- **RECORDED DATA**:
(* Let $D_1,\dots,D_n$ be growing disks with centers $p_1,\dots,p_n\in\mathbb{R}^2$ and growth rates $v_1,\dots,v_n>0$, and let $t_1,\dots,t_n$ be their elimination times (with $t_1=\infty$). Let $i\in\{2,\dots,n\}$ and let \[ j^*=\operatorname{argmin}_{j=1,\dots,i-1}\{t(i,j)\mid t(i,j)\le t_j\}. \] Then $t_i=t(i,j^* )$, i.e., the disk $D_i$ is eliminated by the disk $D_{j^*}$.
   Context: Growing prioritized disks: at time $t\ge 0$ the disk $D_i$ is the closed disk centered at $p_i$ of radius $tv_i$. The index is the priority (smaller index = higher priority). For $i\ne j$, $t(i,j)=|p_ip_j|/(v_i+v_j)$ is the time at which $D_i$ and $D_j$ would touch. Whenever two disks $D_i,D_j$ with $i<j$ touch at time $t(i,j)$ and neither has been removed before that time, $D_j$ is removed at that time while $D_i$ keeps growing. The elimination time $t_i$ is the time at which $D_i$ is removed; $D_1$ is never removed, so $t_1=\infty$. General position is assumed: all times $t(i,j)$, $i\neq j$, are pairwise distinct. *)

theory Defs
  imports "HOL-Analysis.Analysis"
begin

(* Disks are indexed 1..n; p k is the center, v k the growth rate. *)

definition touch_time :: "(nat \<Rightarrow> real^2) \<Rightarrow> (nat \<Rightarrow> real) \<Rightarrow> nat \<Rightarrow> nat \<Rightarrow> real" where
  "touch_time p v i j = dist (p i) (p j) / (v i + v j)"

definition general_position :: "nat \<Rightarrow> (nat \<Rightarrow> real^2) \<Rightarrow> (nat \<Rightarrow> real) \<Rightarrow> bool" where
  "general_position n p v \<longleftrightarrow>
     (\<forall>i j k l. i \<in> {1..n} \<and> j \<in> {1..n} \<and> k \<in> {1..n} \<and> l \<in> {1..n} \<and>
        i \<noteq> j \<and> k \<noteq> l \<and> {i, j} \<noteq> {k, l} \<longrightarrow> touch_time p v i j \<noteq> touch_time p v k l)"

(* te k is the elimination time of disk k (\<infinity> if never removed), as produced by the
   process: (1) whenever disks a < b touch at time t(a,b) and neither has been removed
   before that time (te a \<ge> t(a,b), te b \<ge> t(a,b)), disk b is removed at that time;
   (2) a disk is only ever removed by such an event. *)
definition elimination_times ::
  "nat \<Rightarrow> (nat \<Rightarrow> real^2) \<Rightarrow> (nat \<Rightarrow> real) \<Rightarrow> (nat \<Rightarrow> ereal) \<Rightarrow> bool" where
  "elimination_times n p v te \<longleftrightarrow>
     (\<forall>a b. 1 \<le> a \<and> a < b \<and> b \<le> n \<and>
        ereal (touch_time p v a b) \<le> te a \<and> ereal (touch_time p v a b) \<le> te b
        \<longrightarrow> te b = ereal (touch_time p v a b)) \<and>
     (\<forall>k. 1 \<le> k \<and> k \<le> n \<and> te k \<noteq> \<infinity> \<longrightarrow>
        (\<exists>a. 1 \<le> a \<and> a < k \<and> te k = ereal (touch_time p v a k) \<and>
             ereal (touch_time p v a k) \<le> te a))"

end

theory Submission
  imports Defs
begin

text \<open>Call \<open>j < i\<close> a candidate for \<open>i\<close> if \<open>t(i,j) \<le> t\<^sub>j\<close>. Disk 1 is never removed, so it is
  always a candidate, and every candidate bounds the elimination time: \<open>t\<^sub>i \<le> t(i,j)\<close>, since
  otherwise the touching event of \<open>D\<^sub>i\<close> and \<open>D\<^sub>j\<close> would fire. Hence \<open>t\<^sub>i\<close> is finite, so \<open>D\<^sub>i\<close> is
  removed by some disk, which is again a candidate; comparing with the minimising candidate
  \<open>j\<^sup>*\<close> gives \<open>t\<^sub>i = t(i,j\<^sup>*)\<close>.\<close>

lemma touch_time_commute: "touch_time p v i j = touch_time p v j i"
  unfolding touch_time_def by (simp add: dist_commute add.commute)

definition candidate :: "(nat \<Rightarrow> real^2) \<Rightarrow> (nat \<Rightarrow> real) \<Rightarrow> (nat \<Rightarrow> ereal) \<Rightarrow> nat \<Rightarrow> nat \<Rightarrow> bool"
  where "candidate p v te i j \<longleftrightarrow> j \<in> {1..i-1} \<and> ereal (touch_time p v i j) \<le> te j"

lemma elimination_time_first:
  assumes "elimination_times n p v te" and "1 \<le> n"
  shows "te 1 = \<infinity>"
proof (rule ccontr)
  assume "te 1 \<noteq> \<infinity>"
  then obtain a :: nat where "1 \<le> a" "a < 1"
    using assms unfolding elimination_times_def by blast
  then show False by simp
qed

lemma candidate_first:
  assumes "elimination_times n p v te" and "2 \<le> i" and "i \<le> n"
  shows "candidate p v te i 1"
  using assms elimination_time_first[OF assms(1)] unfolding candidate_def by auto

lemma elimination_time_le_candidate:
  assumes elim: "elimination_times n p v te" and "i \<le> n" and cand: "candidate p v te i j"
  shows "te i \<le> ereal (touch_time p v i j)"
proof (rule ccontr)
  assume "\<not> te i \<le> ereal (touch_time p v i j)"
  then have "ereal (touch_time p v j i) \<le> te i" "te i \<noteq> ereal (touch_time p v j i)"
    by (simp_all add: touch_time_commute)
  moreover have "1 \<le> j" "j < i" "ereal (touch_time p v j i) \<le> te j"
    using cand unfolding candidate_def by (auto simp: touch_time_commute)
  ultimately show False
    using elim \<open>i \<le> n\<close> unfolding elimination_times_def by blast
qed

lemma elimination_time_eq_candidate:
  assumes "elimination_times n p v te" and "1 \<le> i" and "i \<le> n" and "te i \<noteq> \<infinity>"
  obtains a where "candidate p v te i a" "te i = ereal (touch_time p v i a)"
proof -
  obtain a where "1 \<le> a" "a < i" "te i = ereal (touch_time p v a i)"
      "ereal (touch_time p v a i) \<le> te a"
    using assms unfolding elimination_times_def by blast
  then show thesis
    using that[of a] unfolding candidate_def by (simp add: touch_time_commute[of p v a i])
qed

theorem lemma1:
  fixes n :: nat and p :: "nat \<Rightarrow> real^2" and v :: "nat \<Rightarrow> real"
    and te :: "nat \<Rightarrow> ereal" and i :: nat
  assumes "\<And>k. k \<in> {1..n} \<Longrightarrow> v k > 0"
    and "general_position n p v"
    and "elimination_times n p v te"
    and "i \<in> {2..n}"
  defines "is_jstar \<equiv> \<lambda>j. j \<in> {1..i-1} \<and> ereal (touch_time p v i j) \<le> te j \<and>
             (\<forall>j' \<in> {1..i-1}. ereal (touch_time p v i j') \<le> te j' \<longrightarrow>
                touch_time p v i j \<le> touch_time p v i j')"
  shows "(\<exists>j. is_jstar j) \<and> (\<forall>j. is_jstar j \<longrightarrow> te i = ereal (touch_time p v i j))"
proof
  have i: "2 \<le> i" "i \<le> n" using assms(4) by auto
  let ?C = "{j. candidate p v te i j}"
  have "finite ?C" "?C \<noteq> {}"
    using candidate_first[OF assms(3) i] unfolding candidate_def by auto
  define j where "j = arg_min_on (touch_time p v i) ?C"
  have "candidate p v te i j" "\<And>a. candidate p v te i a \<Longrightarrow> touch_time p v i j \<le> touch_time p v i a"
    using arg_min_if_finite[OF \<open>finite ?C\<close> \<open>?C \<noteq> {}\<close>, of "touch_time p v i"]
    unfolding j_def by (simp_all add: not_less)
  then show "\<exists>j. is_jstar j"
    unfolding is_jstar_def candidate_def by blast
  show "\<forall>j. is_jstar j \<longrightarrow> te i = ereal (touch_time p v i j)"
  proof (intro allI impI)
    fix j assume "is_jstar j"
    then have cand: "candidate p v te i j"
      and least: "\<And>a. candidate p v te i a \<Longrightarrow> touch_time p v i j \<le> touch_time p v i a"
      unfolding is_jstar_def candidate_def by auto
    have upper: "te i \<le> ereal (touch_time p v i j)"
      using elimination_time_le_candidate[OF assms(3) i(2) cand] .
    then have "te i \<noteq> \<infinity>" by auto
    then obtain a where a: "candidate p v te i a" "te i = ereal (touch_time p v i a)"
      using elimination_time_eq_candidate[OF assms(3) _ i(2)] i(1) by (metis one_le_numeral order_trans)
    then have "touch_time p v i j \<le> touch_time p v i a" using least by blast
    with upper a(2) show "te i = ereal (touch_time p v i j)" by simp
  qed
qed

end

- **TO DO**: Your answer should be the exact lines above from the one with "define j where" through the one with "unfolding is_jstar_def candidate_def by auto", both included, and nothing besides.

- **YOUR SOLUTION**:
  define j where "j = arg_min_on (touch_time p v i) ?C"
  have "candidate p v te i j" "\<And>a. candidate p v te i a \<Longrightarrow> touch_time p v i j \<le> touch_time p v i a"
    using arg_min_if_finite[OF \<open>finite ?C\<close> \<open>?C \<noteq> {}\<close>, of "touch_time p v i"]
    unfolding j_def by (simp_all add: not_less)
  then show "\<exists>j. is_jstar j"
    unfolding is_jstar_def candidate_def by blast
  show "\<forall>j. is_jstar j \<longrightarrow> te i = ereal (touch_time p v i j)"
  proof (intro allI impI)
    fix j assume "is_jstar j"
    then have cand: "candidate p v te i j"
      and least: "\<And>a. candidate p v te i a \<Longrightarrow> touch_time p v i j \<le> touch_time p v i a"
      unfolding is_jstar_def candidate_def by auto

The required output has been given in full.